lemma continuous_on_uniformly_components:
  assumes "continuous_on_uniformly (Zp p \<times> UNIV) I (\<lambda>t. xel_at (u t))"
  shows "continuous_on_uniformly (Zp p) I (\<lambda>t. fst (u t))"
    and "continuous_on_uniformly (Zp p) I (\<lambda>t. snd (u t))"
proof -
  have "\<forall>\<^sub>F s in at t within I. \<forall>x\<in>Zp p. \<bar>fst (u s) x - fst (u t) x\<bar> \<le> e \<and> \<bar>snd (u s) x - snd (u t) x\<bar> \<le> e"
    if "t \<in> I" "e > 0" for t e
  proof -
    have "\<forall>\<^sub>F s in at t within I. \<forall>a\<in>Zp p \<times> UNIV. \<bar>xel_at (u s) a - xel_at (u t) a\<bar> \<le> e"
      using assms that unfolding continuous_on_uniformly_def by blast
    then show ?thesis
    proof eventually_elim
      case (elim s)
      show ?case
      proof
        fix x assume "x \<in> Zp p"
        with elim show "\<bar>fst (u s) x - fst (u t) x\<bar> \<le> e \<and> \<bar>snd (u s) x - snd (u t) x\<bar> \<le> e"
          using bspec[OF elim, of "(x, True)"] bspec[OF elim, of "(x, False)"] by simp
      qed
    qed
  qed
  note ev = this
  show "continuous_on_uniformly (Zp p) I (\<lambda>t. fst (u t))"
    unfolding continuous_on_uniformly_def
  proof (intro ballI allI impI)
    fix t e :: real assume "t \<in> I" "e > 0"
    from ev[OF this] show "\<forall>\<^sub>F s in at t within I. \<forall>x\<in>Zp p. \<bar>fst (u s) x - fst (u t) x\<bar> \<le> e"
      by eventually_elim auto
  qed
  show "continuous_on_uniformly (Zp p) I (\<lambda>t. snd (u t))"
    unfolding continuous_on_uniformly_def
  proof (intro ballI allI impI)
    fix t e :: real assume "t \<in> I" "e > 0"
    from ev[OF this] show "\<forall>\<^sub>F s in at t within I. \<forall>x\<in>Zp p. \<bar>snd (u s) x - snd (u t) x\<bar> \<le> e"
      by eventually_elim auto
  qed
qed

section \<open>A comparison principle for the supremum norm\<close>

lemma continuous_on_sup:
  fixes D :: "real \<Rightarrow> 'a \<Rightarrow> real" and \<phi> :: "real \<Rightarrow> real"
  assumes ge: "\<And>t a. t \<in> I \<Longrightarrow> a \<in> A \<Longrightarrow> \<bar>D t a\<bar> \<le> \<phi> t"
    and least: "\<And>t c. t \<in> I \<Longrightarrow> (\<And>a. a \<in> A \<Longrightarrow> \<bar>D t a\<bar> \<le> c) \<Longrightarrow> \<phi> t \<le> c"
    and cont: "continuous_on_uniformly A I D"
  shows "continuous_on I \<phi>"
  unfolding continuous_on_def
proof (intro ballI tendstoI)
  fix t e assume t: "t \<in> I" and "(e::real) > 0"
  then have "e/2 > 0" by simp
  with cont t have "\<forall>\<^sub>F s in at t within I. \<forall>a\<in>A. \<bar>D s a - D t a\<bar> \<le> e/2"
    unfolding continuous_on_uniformly_def by blast
  with eventually_at_within_mem[of I t]
  show "\<forall>\<^sub>F s in at t within I. dist (\<phi> s) (\<phi> t) < e"
  proof eventually_elim
    case (elim s)
    have "\<phi> s \<le> \<phi> t + e/2"
    proof (rule least)
      fix a assume a: "a \<in> A"
      with elim have "\<bar>D s a - D t a\<bar> \<le> e/2" by blast
      with ge[OF t a] show "\<bar>D s a\<bar> \<le> \<phi> t + e/2" by arith
    qed (use elim in simp)
    moreover have "\<phi> t \<le> \<phi> s + e/2"
    proof (rule least[OF t])
      fix a assume a: "a \<in> A"
      with elim have "\<bar>D s a - D t a\<bar> \<le> e/2" "\<bar>D s a\<bar> \<le> \<phi> s" using ge[of s a] by blast+
      then show "\<bar>D t a\<bar> \<le> \<phi> s + e/2" by arith
    qed
    ultimately show ?case using \<open>e > 0\<close> by (simp add: dist_real_def abs_le_iff)
  qed
qed

lemma first_crossing_time:
  fixes \<phi> B :: "real \<Rightarrow> real"
  assumes cont: "continuous_on {0..T} \<phi>" "continuous_on {0..T} B"
    and start: "\<phi> 0 < B 0" and t0: "t0 \<in> {0..T}" "B t0 \<le> \<phi> t0"
  obtains ts where "ts \<in> {0<..T}" "\<phi> ts = B ts" "\<And>s. s \<in> {0..<ts} \<Longrightarrow> \<phi> s < B s"
proof -
  define S where "S = {0..T} \<inter> (\<lambda>t. \<phi> t - B t) -` {0..}"
  have "closed S"
    unfolding S_def using cont by (intro continuous_closed_preimage continuous_intros) auto
  moreover have "S \<noteq> {}" "bdd_below S" using t0 by (auto simp: S_def intro: bdd_belowI[of _ 0])
  ultimately have ts: "Inf S \<in> S" by (rule closed_contains_Inf[rotated -1])
  have below: "\<phi> s < B s" if "s \<in> {0..<Inf S}" for s
  proof (rule ccontr)
    assume "\<not> \<phi> s < B s"
    with that ts have "s \<in> S" by (auto simp: S_def)
    then show False using cInf_lower[OF _ \<open>bdd_below S\<close>] that by force
  qed
  have "Inf S \<noteq> 0" using ts start by (auto simp: S_def)
  with ts have pos: "Inf S \<in> {0<..T}" by (auto simp: S_def)
  have "continuous_on {0..Inf S} (\<lambda>t. \<phi> t - B t)"
    using cont pos by (intro continuous_intros) (auto elim!: continuous_on_subset)
  then obtain x where x: "0 \<le> x" "x \<le> Inf S" "\<phi> x - B x = 0"
    using IVT'[of "\<lambda>t. \<phi> t - B t" 0 0 "Inf S"] start ts by (auto simp: S_def)
  then have "x \<in> S" using pos by (auto simp: S_def)
  then have "x = Inf S" using x(2) cInf_lower[OF _ \<open>bdd_below S\<close>] by force
  with x(3) have "\<phi> (Inf S) = B (Inf S)" by simp
  with pos below show ?thesis using that by blast
qed

(* The backward Euler form of tau D' = G - D, passed to the supremum phi of |D|. *)
lemma backward_difference_le:
  fixes D D' G :: "real \<Rightarrow> 'a \<Rightarrow> real" and \<phi> :: "real \<Rightarrow> real"
  assumes \<tau>: "\<tau> > 0"
    and ge: "\<And>t a. t \<in> {0..T} \<Longrightarrow> a \<in> A \<Longrightarrow> \<bar>D t a\<bar> \<le> \<phi> t"
    and least: "\<And>t c. t \<in> {0..T} \<Longrightarrow> (\<And>a. a \<in> A \<Longrightarrow> \<bar>D t a\<bar> \<le> c) \<Longrightarrow> \<phi> t \<le> c"
    and der: "has_derivative_uniformly A {0..T} D D'"
    and ode: "\<And>a. a \<in> A \<Longrightarrow> \<tau> * D' t a = G t a - D t a"
    and G: "\<And>a. a \<in> A \<Longrightarrow> \<bar>G t a\<bar> \<le> g"
    and t: "t \<in> {0<..T}" and "e > 0"
  shows "\<forall>\<^sub>F h in at_right 0. \<phi> t * (1 + h / \<tau>) \<le> \<phi> (t - h) + h * g / \<tau> + e * h"
proof -
  have "t \<in> {0..T}" using t by simp
  from der[unfolded has_derivative_uniformly_def, rule_format, OF this \<open>e > 0\<close>, unfolded eventually_at]
  obtain d where d: "d > 0" "\<And>s a. s \<in> {0..T} \<Longrightarrow> s \<noteq> t \<Longrightarrow> dist s t < d \<Longrightarrow> a \<in> A \<Longrightarrow>
      \<bar>D s a - D t a - (s - t) * D' t a\<bar> \<le> e * \<bar>s - t\<bar>"
    by blast
  have "\<phi> t * (1 + h / \<tau>) \<le> \<phi> (t - h) + h * g / \<tau> + e * h" if h: "0 < h" "h < min d t" for h
  proof -
    have s: "t - h \<in> {0..T}" using t h by auto
    have pos: "1 + h / \<tau> > 0" using h \<tau> by (intro add_pos_pos) auto
    have "\<phi> t \<le> (\<phi> (t - h) + h * g / \<tau> + e * h) / (1 + h / \<tau>)"
    proof (rule least)
      fix a assume a: "a \<in> A"
      define r where "r = D (t - h) a - D t a + h * D' t a"
      have "\<bar>r\<bar> \<le> e * h" using d(2)[OF s _ _ a] h by (simp add: r_def dist_real_def)
      have D': "D' t a = (G t a - D t a) / \<tau>" using ode[OF a] \<tau> by (simp add: field_simps)
      have eq: "D t a * (1 + h / \<tau>) = D (t - h) a + h * G t a / \<tau> - r"
        unfolding r_def D' using \<tau> by (simp add: field_simps)
      have "\<bar>D t a\<bar> * (1 + h / \<tau>) = \<bar>D t a * (1 + h / \<tau>)\<bar>"
        using pos by (simp only: abs_mult abs_of_pos)
      also have "\<dots> = \<bar>D (t - h) a + h * G t a / \<tau> - r\<bar>" by (simp only: eq)
      also have "\<dots> \<le> \<bar>D (t - h) a + h * G t a / \<tau>\<bar> + \<bar>r\<bar>" by (rule abs_triangle_ineq4)
      also have "\<dots> \<le> \<bar>D (t - h) a\<bar> + \<bar>h * G t a / \<tau>\<bar> + \<bar>r\<bar>"
        by (rule add_right_mono[OF abs_triangle_ineq])
      also have "\<dots> \<le> \<phi> (t - h) + h * g / \<tau> + e * h"
      proof (intro add_mono)
        show "\<bar>h * G t a / \<tau>\<bar> \<le> h * g / \<tau>"
          using G[OF a] h \<tau> by (simp add: abs_mult divide_right_mono mult_left_mono)
      qed (fact ge[OF s a], fact)
      finally show "\<bar>D t a\<bar> \<le> (\<phi> (t - h) + h * g / \<tau> + e * h) / (1 + h / \<tau>)"
        using pos by (simp add: pos_le_divide_eq)
    qed (use t in auto)
    with pos show ?thesis by (simp add: pos_le_divide_eq)
  qed
  moreover have "min d t > 0" using d(1) t by simp
  ultimately show ?thesis unfolding eventually_at_right_field by blast
qed

lemma exp_minus_le_quadratic:
  fixes y :: real
  assumes "y \<ge> 0" shows "exp (- y) \<le> 1 - y + y\<^sup>2"
proof -
  have "exp (- y) \<le> 1 / (1 + y)"
    using exp_ge_add_one_self[of y] assms by (simp add: exp_minus field_simps)
  also have "\<dots> \<le> 1 - y + y\<^sup>2"
    using assms by (simp add: field_simps power2_eq_square)
  finally show ?thesis .
qed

---

* **Aim of the task**: Lines wanted from the listing above: the line with "unfolding S_def using" up to and including the line with "with that ts". Please write them out exactly, adding nothing else.

* **Solution for this task**:
    unfolding S_def using cont by (intro continuous_closed_preimage continuous_intros) auto
  moreover have "S \<noteq> {}" "bdd_below S" using t0 by (auto simp: S_def intro: bdd_belowI[of _ 0])
  ultimately have ts: "Inf S \<in> S" by (rule closed_contains_Inf[rotated -1])
  have below: "\<phi> s < B s" if "s \<in> {0..<Inf S}" for s
  proof (rule ccontr)
    assume "\<not> \<phi> s < B s"
    with that ts have "s \<in> S" by (auto simp: S_def)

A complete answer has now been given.